Book Review-Character Mentor: Learn by Example to Use Expressions, Poses, and Staging to Bring Your Characters to Life

Waltham, MA, Focal Press, May 2012, trade paperback $24.95 (xv + 163 pages), Kindle $13.72.
This how-to guide is one step up from the basic how-to-draw books. It assumes that you have already learned how to design a character. But beginning animators too often design characters who just pose lifelessly. Character Mentor shows how to bring your characters to life through dynamic expressions, body language, posing, shading, use of backgrounds, and similar artistic “tricks”

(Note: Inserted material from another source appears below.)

(* Let $\lambda^*(q,K,C)$ denote the critical virality weight for story precision $q\in(1/2,1)$, news-feed size $K$, and capacity $C$ (considering only admissible triples, with integers $1\le C\le K/2$). Then: (i) $\lambda^*(q',K,C)\ge\lambda^*(q,K,C)$ if $q'>q$; (ii) $\lambda^*(q,K,C')\ge\lambda^*(q,K,C)$ if $C'<C$; (iii) $\lambda^*(q,K-2,C)\ge\lambda^*(q,K,C)$ for every $K$; (iv) $\lambda^*(q,K+1,C)\ge\lambda^*(q,K,C)$ if $K$ is odd; (v) $\lambda^*(q,K-1,C)\ge\lambda^*(q,K,C)$ if $K$ is odd. All of these inequalities are strict whenever $\lambda^*(q,K,C)$ is finite.
   Context: For parameters $q\in(1/2,1)$, integers $K\ge1$, $1\le C\le K/2$, and $\lambda\in[0,1]$, let $P_k(x,\lambda)=\mathbb{P}[\mathrm{Binom}(K,\lambda x+(1-\lambda)q)=k]$ for $x\in[0,1]$, and define the majority-rule inflow accuracy function $$\phi_{\sigma^{\mathrm{maj}}}(x)=\frac{q+C\sum_{k>K/2}P_k(x,\lambda)+qC\,P_{K/2}(x,\lambda)}{1+C},$$ where the term $P_{K/2}$ is present only when $K$ is even. (This is the expected fraction of new popularity score going to correct stories when agents, who share $C$ feed stories and post their own story of precision $q$, use the majority rule: share $C$ stories of the feed majority, breaking ties in favor of the own story.) The critical virality weight is $\lambda^*(q,K,C)=\inf\{\lambda\in[0,1]:\phi_{\sigma^{\mathrm{maj}}}(x)=x\text{ for some }x\in[0,1/2]\}$, with $\lambda^*=\infty$ if this set is empty. *)

theory Defs
  imports "HOL-Analysis.Analysis" "HOL-Library.Extended_Real"
begin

Bancroft, an animation veteran going back to the 1980s who has worked on such Disney features as Beauty and the Beast, The Lion King, Aladdin, Pocahontas, Mulan, and Brother Bear, has titled his book Character Mentor in honor of his CalArts instructors and the first long-established professionals he worked with who shared their “tricks of the trade” with him. “Mentorship as a way to learn was used by Disney animation also. In 1989, when I got my first job in animation at the [then] new Disney Feature Animation in Florida, the studio trained the young artists by having them work alongside experienced mentors. […] I feel honored to have been trained in the lineage of such incredible artists. It is one of the reasons I write these books: to pass on that knowledge.” (Introduction, p. ix).

Character Mentor consists of seven chapters, each of which ends with a “celebrity artist assignment” in which a veteran artist – a comic-book creator, an animation storyboard artist, a TV animation character designer, and so forth – draws an image that illustrates the lessons of that chapter. The guide is art-heavy, with drawings (usually in color) on every page. Bancroft shows examples from rough sketches to finished color poses. Each chapter has an “Assignment” in which one or two amateur artists try to illustrate the goal of that lesson, followed by Bancroft’s “mentor notes” (corrections or approvals) of their work.
One of Bancroft’s favorite examples, which he uses often, is “silhouette value”. “A good way to check your character’s silhouette value is to shade it in on the back of your paper. Figure A, if shaded in would be very unclear what the boy was pointing at – or even that he was pointing at all! The pose in Figure B, clears that guesswork up!” (p. 6)
The chapters are “Now What?: Drawing Basics for Posing and Expressions”, “The Face: Breaking Down the Elements of Expression”, “Posing Your Character: What Are You Trying to Communicate?”, “Acting: Characters Acting and Reacting the Way You Want Them To”, “Staging Your Scene: Using the Elements of Your Scene to Create a Composition”, Leading the Eye: Prioritizing by Design”, and “ Putting It in Action: Creating a Character-Driven Illustration From Start to Finish”. Within these chapters, Bancroft covers such elements as “twinning” (avoid poses in which the left side and the right side are identical), the use of clothing, line of action, clarity, the elements of the face, thumbnailing, and many others.